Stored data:
(* Let $A$ be a clustering of $\{1,\dots,n\}$ with $1<k_A<n$, let $s$ be a cluster-size specification of $n$ elements, and let $B\sim\mathcal C(s)$. Then $$\mathbf E[\mathrm{CD}(A,B)]-\tfrac12=-\frac1\pi\sum_{k=1}^\infty\frac{(2k)!}{2^{2k}(k!)^2}\,\frac{\mathbf E[\mathrm{CC}(A,B)^{2k+1}]}{2k+1}.$$
   Context: A clustering of $\{1,\dots,n\}$ is a partition $A=\{A_1,\dots,A_{k_A}\}$ into nonempty clusters. Let $N=\binom n2$. For a clustering $A$, let $\vec A\in\{0,1\}^N$ be indexed by unordered pairs of distinct elements, with entry $1$ iff the pair lies in one cluster of $A$; let $m_A$ be the number of such pairs and $\mathbf 1$ the all-ones vector. Define $\vec u(A)=\frac1{\sqrt N}\mathbf 1$ if $k_A=1$, $\vec u(A)=(\vec A-\frac{m_A}N\mathbf 1)/\|\vec A-\frac{m_A}N\mathbf 1\|$ if $1<k_A<n$, $\vec u(A)=-\frac1{\sqrt N}\mathbf 1$ if $k_A=n$. Then $\mathrm{CC}(A,B)=\langle\vec u(A),\vec u(B)\rangle$ (the Pearson correlation of $\vec A,\vec B$ when both clusterings are nontrivial) and $\mathrm{CD}(A,B)=\frac1\pi\arccos\mathrm{CC}(A,B)$. For a multiset $s$ of positive integers summing to $n$, $\mathcal C(s)$ is the uniform distribution over clusterings with cluster sizes $s$. *)

theory Defs
  imports "HOL-Probability.Probability" "HOL-Library.Disjoint_Sets" "HOL-Library.Multiset"
begin

definition clustering :: "nat \<Rightarrow> nat set set \<Rightarrow> bool" where
  "clustering n A \<longleftrightarrow> partition_on {1..n} A"

definition upairs :: "nat \<Rightarrow> nat set set" where
  "upairs n = {p. \<exists>i j. i \<in> {1..n} \<and> j \<in> {1..n} \<and> i \<noteq> j \<and> p = {i, j}}"

definition NN :: "nat \<Rightarrow> real" where
  "NN n = real (card (upairs n))"

definition cvec :: "nat set set \<Rightarrow> nat set \<Rightarrow> real" where
  "cvec A p = (if \<exists>C\<in>A. p \<subseteq> C then 1 else 0)"

definition mA :: "nat \<Rightarrow> nat set set \<Rightarrow> real" where
  "mA n A = (\<Sum>p\<in>upairs n. cvec A p)"

definition uvec :: "nat \<Rightarrow> nat set set \<Rightarrow> nat set \<Rightarrow> real" where
  "uvec n A p =
     (if card A = 1 then 1 / sqrt (NN n)
      else if card A = n then - 1 / sqrt (NN n)
      else (cvec A p - mA n A / NN n) /
           sqrt (\<Sum>q\<in>upairs n. (cvec A q - mA n A / NN n)^2))"

definition CC :: "nat \<Rightarrow> nat set set \<Rightarrow> nat set set \<Rightarrow> real" where
  "CC n A B = (\<Sum>p\<in>upairs n. uvec n A p * uvec n B p)"

definition CD :: "nat \<Rightarrow> nat set set \<Rightarrow> nat set set \<Rightarrow> real" where
  "CD n A B = arccos (CC n A B) / pi"

definition clusterings_sizes :: "nat \<Rightarrow> nat multiset \<Rightarrow> nat set set set" where
  "clusterings_sizes n s = {B. clustering n B \<and> image_mset card (mset_set B) = s}"

definition Cdist :: "nat \<Rightarrow> nat multiset \<Rightarrow> nat set set pmf" where
  "Cdist n s = pmf_of_set (clusterings_sizes n s)"

end

theory Submission
  imports Defs
begin

text \<open>Since \<open>arccos x = \<pi>/2 - arcsin x\<close>, we have \<open>\<E>[CD(A,B)] - 1/2 = -\<E>[arcsin CC(A,B)]/\<pi>\<close>.
  The Taylor series \<open>arcsin x = \<Sum>\<^sub>k a\<^sub>k x\<^sup>2\<^sup>k\<^sup>+\<^sup>1/(2k+1)\<close> with
  \<open>a\<^sub>k = (2k)!/(4\<^sup>k (k!)\<^sup>2)\<close> converges on all of \<open>[-1,1]\<close>, because
  \<open>a\<^sub>k \<le> (k+1)\<^sup>-\<^sup>1\<^sup>/\<^sup>2\<close>, and \<open>|CC| \<le> 1\<close> by Cauchy-Schwarz; the expectation over the finite
  set of clusterings with sizes \<open>s\<close> therefore commutes with the series. It remains to see that the
  \<open>k = 0\<close> term \<open>\<E>[CC(A,B)] = \<langle>u(A), \<E>[u(B)]\<rangle>\<close> vanishes: the law of \<open>B\<close> is invariant under
  permutations of \<open>{1..n}\<close>, which act transitively on pairs, so \<open>\<E>[u(B)]\<close> is a constant vector,
  while \<open>u(A)\<close> is centred.\<close>

section \<open>The arcsine series on the closed interval\<close>

definition arcsin_coeff :: "nat \<Rightarrow> real" where
  "arcsin_coeff k = fact (2*k) / (2^(2*k) * (fact k)^2)"

definition arcsin_term :: "nat \<Rightarrow> real \<Rightarrow> real" where
  "arcsin_term k x = arcsin_coeff k * x^(2*k+1) / (2*k+1)"

lemma arcsin_coeff_nonneg: "0 \<le> arcsin_coeff k"
  by (simp add: arcsin_coeff_def)

lemma arcsin_coeff_Suc: "arcsin_coeff (Suc k) = arcsin_coeff k * (2*real k+1) / (2*real k+2)"
proof -
  have cancel: "x * b * c / (d * c^2) = x / d * b / c" for x b c d :: real
    by (cases "c = 0") (simp_all add: power2_eq_square)
  have "fact (2 * Suc k) = fact (2*k) * (2*real k+1) * (2*real k+2)"
    by (simp add: algebra_simps)
  moreover have "2^(2*Suc k) * fact (Suc k)^2 = 2^(2*k) * fact k^2 * (2*real k+2)^2"
    by (simp add: power2_eq_square algebra_simps)
  ultimately show ?thesis
    unfolding arcsin_coeff_def by (simp only: cancel)
qed

lemma gbinomial_Suc_eq:
  "(a :: 'a :: field_char_0) gchoose Suc k = (a gchoose k) * (a - of_nat k) / (of_nat k + 1)"
  by (simp add: gbinomial_prod_rev atLeastLessThanSuc_atLeastAtMost[symmetric]
      prod.atLeast0_lessThan_Suc algebra_simps)

lemma arcsin_coeff_eq_gbinomial: "arcsin_coeff k = (-1)^k * ((-1/2) gchoose k)"
proof (induction k)
  case 0
  then show ?case by (simp add: arcsin_coeff_def)
next
  case (Suc k)
  show ?case
    unfolding arcsin_coeff_Suc Suc.IH gbinomial_Suc_eq by (simp add: field_simps)
qed

lemma arcsin_coeff_square_le: "arcsin_coeff k ^ 2 \<le> 1 / (2*real k+1)"
proof (induction k)
  case 0
  then show ?case by (simp add: arcsin_coeff_def)
next
  case (Suc k)
  have "arcsin_coeff (Suc k) ^ 2 = arcsin_coeff k ^ 2 * ((2*real k+1) / (2*real k+2))^2"
    by (simp add: arcsin_coeff_Suc power_mult_distrib power_divide)
  also have "\<dots> \<le> 1 / (2*real k+1) * ((2*real k+1) / (2*real k+2))^2"
    by (rule mult_right_mono[OF Suc.IH]) simp
  also have "\<dots> = (2*real k+1) / (2*real k+2)^2"
    by (simp add: power2_eq_square)
  also have "\<dots> \<le> 1 / (2 * real (Suc k) + 1)"
  proof -
    have "(2*real k+1) * (2 * real (Suc k) + 1) \<le> (2*real k+2)^2"
      by (simp add: power2_eq_square algebra_simps)
    then show ?thesis by (simp add: divide_simps)
  qed
  finally show ?case .
qed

→ **Exercise**: Each record above is to be written out again exactly.

→ **Response box**:
(* Let $A$ be a clustering of $\{1,\dots,n\}$ with $1<k_A<n$, let $s$ be a cluster-size specification of $n$ elements, and let $B\sim\mathcal C(s)$. Then $$\mathbf E[\mathrm{CD}(A,B)]-\tfrac12=-\frac1\pi\sum_{k=1}^\infty\frac{(2k)!}{2^{2k}(k!)^2}\,\frac{\mathbf E[\mathrm{CC}(A,B)^{2k+1}]}{2k+1}.$$
   Context: A clustering of $\{1,\dots,n\}$ is a partition $A=\{A_1,\dots,A_{k_A}\}$ into nonempty clusters. Let $N=\binom n2$. For a clustering $A$, let $\vec A\in\{0,1\}^N$ be indexed by unordered pairs of distinct elements, with entry $1$ iff the pair lies in one cluster of $A$; let $m_A$ be the number of such pairs and $\mathbf 1$ the all-ones vector. Define $\vec u(A)=\frac1{\sqrt N}\mathbf 1$ if $k_A=1$, $\vec u(A)=(\vec A-\frac{m_A}N\mathbf 1)/\|\vec A-\frac{m_A}N\mathbf 1\|$ if $1<k_A<n$, $\vec u(A)=-\frac1{\sqrt N}\mathbf 1$ if $k_A=n$. Then $\mathrm{CC}(A,B)=\langle\vec u(A),\vec u(B)\rangle$ (the Pearson correlation of $\vec A,\vec B$ when both clusterings are nontrivial) and $\mathrm{CD}(A,B)=\frac1\pi\arccos\mathrm{CC}(A,B)$. For a multiset $s$ of positive integers summing to $n$, $\mathcal C(s)$ is the uniform distribution over clusterings with cluster sizes $s$. *)

theory Defs
  imports "HOL-Probability.Probability" "HOL-Library.Disjoint_Sets" "HOL-Library.Multiset"
begin

definition clustering :: "nat \<Rightarrow> nat set set \<Rightarrow> bool" where
  "clustering n A \<longleftrightarrow> partition_on {1..n} A"

definition upairs :: "nat \<Rightarrow> nat set set" where
  "upairs n = {p. \<exists>i j. i \<in> {1..n} \<and> j \<in> {1..n} \<and> i \<noteq> j \<and> p = {i, j}}"

definition NN :: "nat \<Rightarrow> real" where
  "NN n = real (card (upairs n))"

definition cvec :: "nat set set \<Rightarrow> nat set \<Rightarrow> real" where
  "cvec A p = (if \<exists>C\<in>A. p \<subseteq> C then 1 else 0)"

definition mA :: "nat \<Rightarrow> nat set set \<Rightarrow> real" where
  "mA n A = (\<Sum>p\<in>upairs n. cvec A p)"

definition uvec :: "nat \<Rightarrow> nat set set \<Rightarrow> nat set \<Rightarrow> real" where
  "uvec n A p =
     (if card A = 1 then 1 / sqrt (NN n)
      else if card A = n then - 1 / sqrt (NN n)
      else (cvec A p - mA n A / NN n) /
           sqrt (\<Sum>q\<in>upairs n. (cvec A q - mA n A / NN n)^2))"

definition CC :: "nat \<Rightarrow> nat set set \<Rightarrow> nat set set \<Rightarrow> real" where
  "CC n A B = (\<Sum>p\<in>upairs n. uvec n A p * uvec n B p)"

definition CD :: "nat \<Rightarrow> nat set set \<Rightarrow> nat set set \<Rightarrow> real" where
  "CD n A B = arccos (CC n A B) / pi"

definition clusterings_sizes :: "nat \<Rightarrow> nat multiset \<Rightarrow> nat set set set" where
  "clusterings_sizes n s = {B. clustering n B \<and> image_mset card (mset_set B) = s}"

definition Cdist :: "nat \<Rightarrow> nat multiset \<Rightarrow> nat set set pmf" where
  "Cdist n s = pmf_of_set (clusterings_sizes n s)"

end

theory Submission
  imports Defs
begin

text \<open>Since \<open>arccos x = \<pi>/2 - arcsin x\<close>, we have \<open>\<E>[CD(A,B)] - 1/2 = -\<E>[arcsin CC(A,B)]/\<pi>\<close>.
  The Taylor series \<open>arcsin x = \<Sum>\<^sub>k a\<^sub>k x\<^sup>2\<^sup>k\<^sup>+\<^sup>1/(2k+1)\<close> with
  \<open>a\<^sub>k = (2k)!/(4\<^sup>k (k!)\<^sup>2)\<close> converges on all of \<open>[-1,1]\<close>, because
  \<open>a\<^sub>k \<le> (k+1)\<^sup>-\<^sup>1\<^sup>/\<^sup>2\<close>, and \<open>|CC| \<le> 1\<close> by Cauchy-Schwarz; the expectation over the finite
  set of clusterings with sizes \<open>s\<close> therefore commutes with the series. It remains to see that the
  \<open>k = 0\<close> term \<open>\<E>[CC(A,B)] = \<langle>u(A), \<E>[u(B)]\<rangle>\<close> vanishes: the law of \<open>B\<close> is invariant under
  permutations of \<open>{1..n}\<close>, which act transitively on pairs, so \<open>\<E>[u(B)]\<close> is a constant vector,
  while \<open>u(A)\<close> is centred.\<close>

section \<open>The arcsine series on the closed interval\<close>

definition arcsin_coeff :: "nat \<Rightarrow> real" where
  "arcsin_coeff k = fact (2*k) / (2^(2*k) * (fact k)^2)"

definition arcsin_term :: "nat \<Rightarrow> real \<Rightarrow> real" where
  "arcsin_term k x = arcsin_coeff k * x^(2*k+1) / (2*k+1)"

lemma arcsin_coeff_nonneg: "0 \<le> arcsin_coeff k"
  by (simp add: arcsin_coeff_def)

lemma arcsin_coeff_Suc: "arcsin_coeff (Suc k) = arcsin_coeff k * (2*real k+1) / (2*real k+2)"
proof -
  have cancel: "x * b * c / (d * c^2) = x / d * b / c" for x b c d :: real
    by (cases "c = 0") (simp_all add: power2_eq_square)
  have "fact (2 * Suc k) = fact (2*k) * (2*real k+1) * (2*real k+2)"
    by (simp add: algebra_simps)
  moreover have "2^(2*Suc k) * fact (Suc k)^2 = 2^(2*k) * fact k^2 * (2*real k+2)^2"
    by (simp add: power2_eq_square algebra_simps)
  ultimately show ?thesis
    unfolding arcsin_coeff_def by (simp only: cancel)
qed

lemma gbinomial_Suc_eq:
  "(a :: 'a :: field_char_0) gchoose Suc k = (a gchoose k) * (a - of_nat k) / (of_nat k + 1)"
  by (simp add: gbinomial_prod_rev atLeastLessThanSuc_atLeastAtMost[symmetric]
      prod.atLeast0_lessThan_Suc algebra_simps)

lemma arcsin_coeff_eq_gbinomial: "arcsin_coeff k = (-1)^k * ((-1/2) gchoose k)"
proof (induction k)
  case 0
  then show ?case by (simp add: arcsin_coeff_def)
next
  case (Suc k)
  show ?case
    unfolding arcsin_coeff_Suc Suc.IH gbinomial_Suc_eq by (simp add: field_simps)
qed

lemma arcsin_coeff_square_le: "arcsin_coeff k ^ 2 \<le> 1 / (2*real k+1)"
proof (induction k)
  case 0
  then show ?case by (simp add: arcsin_coeff_def)
next
  case (Suc k)
  have "arcsin_coeff (Suc k) ^ 2 = arcsin_coeff k ^ 2 * ((2*real k+1) / (2*real k+2))^2"
    by (simp add: arcsin_coeff_Suc power_mult_distrib power_divide)
  also have "\<dots> \<le> 1 / (2*real k+1) * ((2*real k+1) / (2*real k+2))^2"
    by (rule mult_right_mono[OF Suc.IH]) simp
  also have "\<dots> = (2*real k+1) / (2*real k+2)^2"
    by (simp add: power2_eq_square)
  also have "\<dots> \<le> 1 / (2 * real (Suc k) + 1)"
  proof -
    have "(2*real k+1) * (2 * real (Suc k) + 1) \<le> (2*real k+2)^2"
      by (simp add: power2_eq_square algebra_simps)
    then show ?thesis by (simp add: divide_simps)
  qed
  finally show ?case .
qed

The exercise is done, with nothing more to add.